* **TASK BRIEF**:
Read the listing below and tally the lines that contain "maximum"; the reply is that tally only.

* **DATASET RECORDS**:
(* Let $L\geq\delta\geq 2$ and let $G$ be an $(L,\delta)$-almost-biregular graph. Then $G$ has a $64$-almost-regular subgraph with average degree at least $\frac{\delta}{16\log L}$.
   Context: Logarithms are to base $2$. A graph is $K$-almost-regular if its maximum degree is at most $K$ times its minimum degree. A bipartite graph $G$ is $(L,d)$-almost-biregular if it has parts $A$ and $B$ (with $A$ non-empty) such that $d_G(v)=d$ for every $v\in B$, and, writing $D=e(G)/|A|$, we have $D\geq d$ (equivalently $|A|\leq|B|$) and $d_G(u)\leq LD$ for every $u\in A$. Subgraphs are required to be non-empty; average degree is $2e/|V|$. *)

theory Defs
  imports Complex_Main
begin

definition graph :: "'a set \<Rightarrow> 'a set set \<Rightarrow> bool" where
  "graph V E \<longleftrightarrow> finite V \<and> (\<forall>e\<in>E. e \<subseteq> V \<and> card e = 2)"

definition degree :: "'a set set \<Rightarrow> 'a \<Rightarrow> nat" where
  "degree E v = card {e\<in>E. v \<in> e}"

definition subgraph :: "'a set \<Rightarrow> 'a set set \<Rightarrow> 'a set \<Rightarrow> 'a set set \<Rightarrow> bool" where
  "subgraph V' E' V E \<longleftrightarrow> graph V' E' \<and> V' \<noteq> {} \<and> V' \<subseteq> V \<and> E' \<subseteq> E"

definition avg_degree :: "'a set \<Rightarrow> 'a set set \<Rightarrow> real" where
  "avg_degree V E = 2 * real (card E) / real (card V)"

definition almost_regular :: "real \<Rightarrow> 'a set \<Rightarrow> 'a set set \<Rightarrow> bool" where
  "almost_regular K V E \<longleftrightarrow>
     real (Max (degree E ` V)) \<le> K * real (Min (degree E ` V))"

definition almost_biregular :: "real \<Rightarrow> nat \<Rightarrow> 'a set \<Rightarrow> 'a set set \<Rightarrow> bool" where
  "almost_biregular L d V E \<longleftrightarrow> graph V E \<and>
     (\<exists>A B. A \<union> B = V \<and> A \<inter> B = {} \<and> A \<noteq> {} \<and>
        (\<forall>e\<in>E. \<exists>a\<in>A. \<exists>b\<in>B. e = {a, b}) \<and>
        (\<forall>v\<in>B. degree E v = d) \<and>
        real (card E) / real (card A) \<ge> real d \<and>
        (\<forall>u\<in>A. real (degree E u) \<le> L * (real (card E) / real (card A))))"

end

theory Submission
  imports Defs
begin

text \<open>Let D = e(G)/|A|. The vertices of A of degree at least D/2 carry half of the edges; grouping
  them into the degree ranges [8^j D/2, 8^(j+1) D/2) for j \<le> log_8 (2L) gives a class C whose
  degrees lie between a and 8a and which meets a 1/O(log L) fraction of the edges. Pack s-stars
  centred in B into C, each vertex of C taking at most 8s edges, with s about e(C)/(2|B|). For a
  maximal packing, counting the edges at C shows that there are at least |C|/6 centres, so the
  packing has maximum degree 8s and average degree at least 2s/7. Its subgraph maximising
  e(S) - c|S|, for c its density, has minimum degree at least c and is 64-almost-regular.
  When \<delta> \<le> 16 log L a single edge already does.\<close>

definition incident_edges :: "'a set set \<Rightarrow> 'a set \<Rightarrow> 'a set set" where
  "incident_edges E T = {e\<in>E. \<exists>u\<in>T. u \<in> e}"

definition induced_edges :: "'a set set \<Rightarrow> 'a set \<Rightarrow> 'a set set" where
  "induced_edges E S = {e\<in>E. e \<subseteq> S}"

lemma finite_edges_of_graph: "graph V E \<Longrightarrow> finite E"
  unfolding graph_def by (meson Pow_iff finite_Pow_iff finite_subset subsetI)

lemma degree_mono: "finite F \<Longrightarrow> F' \<subseteq> F \<Longrightarrow> degree F' v \<le> degree F v"
  unfolding degree_def by (rule card_mono) auto

lemma sum_degree_eq_card:
  assumes "finite F" "finite X" "\<And>e. e \<in> F \<Longrightarrow> card {x\<in>X. x \<in> e} = 1"
  shows "(\<Sum>x\<in>X. degree F x) = card F"
proof -
  have "(\<Sum>x\<in>X. degree F x) = (\<Sum>x\<in>X. \<Sum>e\<in>{e. e\<in>F \<and> x \<in> e}. (1::nat))"
    by (simp add: degree_def)
  also have "\<dots> = (\<Sum>e\<in>F. card {x\<in>X. x \<in> e})"
    using sum.swap_restrict[OF assms(2,1), of "\<lambda>_ _. (1::nat)" "\<lambda>x e. x \<in> e"] by simp
  finally show ?thesis
    using assms(3) by simp
qed

lemma exists_ge_average:
  fixes f :: "'i \<Rightarrow> real"
  assumes "finite I" "I \<noteq> {}"
  shows "\<exists>i\<in>I. sum f I \<le> real (card I) * f i"
proof (rule ccontr)
  assume "\<not> ?thesis"
  then have "sum f I < (\<Sum>i\<in>I. sum f I / real (card I))"
    using assms by (intro sum_strict_mono) (auto simp: field_simps card_gt_0_iff)
  then show False
    using assms by simp
qed

lemma power_floor_log_bounds:
  fixes b y :: real
  assumes "1 < b" "1 \<le> y"
  shows "b ^ nat \<lfloor>log b y\<rfloor> \<le> y" and "y < b ^ (nat \<lfloor>log b y\<rfloor> + 1)"
proof -
  have "0 \<le> \<lfloor>log b y\<rfloor>"
    using assms by simp
  then have "real (nat \<lfloor>log b y\<rfloor>) = of_int \<lfloor>log b y\<rfloor>"
    by simp
  moreover have "b powr of_int \<lfloor>log b y\<rfloor> \<le> y \<and> y < b powr (of_int \<lfloor>log b y\<rfloor> + 1)"
    using floor_log_eq_powr_iff[of y b "\<lfloor>log b y\<rfloor>"] assms by simp
  ultimately show "b ^ nat \<lfloor>log b y\<rfloor> \<le> y" "y < b ^ (nat \<lfloor>log b y\<rfloor> + 1)"
    using assms by (simp_all add: powr_realpow[symmetric] powr_add mult.commute)
qed

lemma log8_eq: "log 8 x = log 2 x / 3"
  using log_base_pow[of 2 3 x] by simp

lemma le_16_log2:
  fixes L :: real
  assumes "2 \<le> L" "L < 64"
  shows "L \<le> 16 * log 2 L"
proof (cases "L < 16")
  case True
  have "log 2 2 \<le> log 2 L"
    using assms by simp
  then show ?thesis
    using True by simp
next
  case False
  then have "log 2 16 \<le> log 2 L"
    by simp
  moreover have "log 2 (16::real) = 4"
    using log_pow_cancel[of 2 4] by simp
  ultimately show ?thesis
    using assms by linarith
qed

lemma exists_star_size:
  fixes l d b e :: real
  assumes "6 \<le> l" "16 * l < d" "0 < b" "3 * d * b \<le> 2 * (l + 4) * e"
  shows "\<exists>s::nat. 0 < s \<and> 2 * real s * b \<le> e \<and> d / (16 * l) \<le> 2 * real s / 7"
proof -
  define s where "s = nat \<lfloor>e / (2 * b)\<rfloor>"
  have "0 < 2 * (l + 4) * e"
    using assms mult_pos_pos[of "3 * d" b] by linarith
  then have "0 \<le> e / (2 * b)"
    using assms(1,3) by (simp add: zero_less_mult_iff)
  then have "real s = of_int \<lfloor>e / (2 * b)\<rfloor>"
    by (simp add: s_def)
  then have "e / (2 * b) - 1 \<le> real s" "real s \<le> e / (2 * b)"
    by linarith+
  have "16 * l * (17 * l - 28) \<le> d * (17 * l - 28)"
    using assms(1,2) by (intro mult_right_mono) auto
  moreover have "0 \<le> l * (240 * l - 576)"
    using assms(1) by simp
  then have "32 * l * (l + 4) \<le> 16 * l * (17 * l - 28)"
    by (simp add: algebra_simps)
  ultimately have "32 * l * (l + 4) \<le> d * (17 * l - 28)"
    by linarith
  then have "7 * d / (32 * l) \<le> 3 * d / (4 * (l + 4)) - 1"
    using assms(1) by (simp add: field_simps)
  moreover have "3 * d / (4 * (l + 4)) \<le> e / (2 * b)"
    using assms(1,3,4) by (simp add: field_simps)
  ultimately have "7 * d / (32 * l) \<le> real s"
    using \<open>e / (2 * b) - 1 \<le> real s\<close> by linarith
  moreover have "0 < d / (16 * l)"
    using assms(1,2) by simp
  moreover have "2 * real s * b \<le> e"
    using \<open>real s \<le> e / (2 * b)\<close> assms(3) by (simp add: field_simps)
  ultimately show ?thesis
    by (intro exI[of _ s]) (auto simp: field_simps)
qed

* **ANSWER AREA**:
2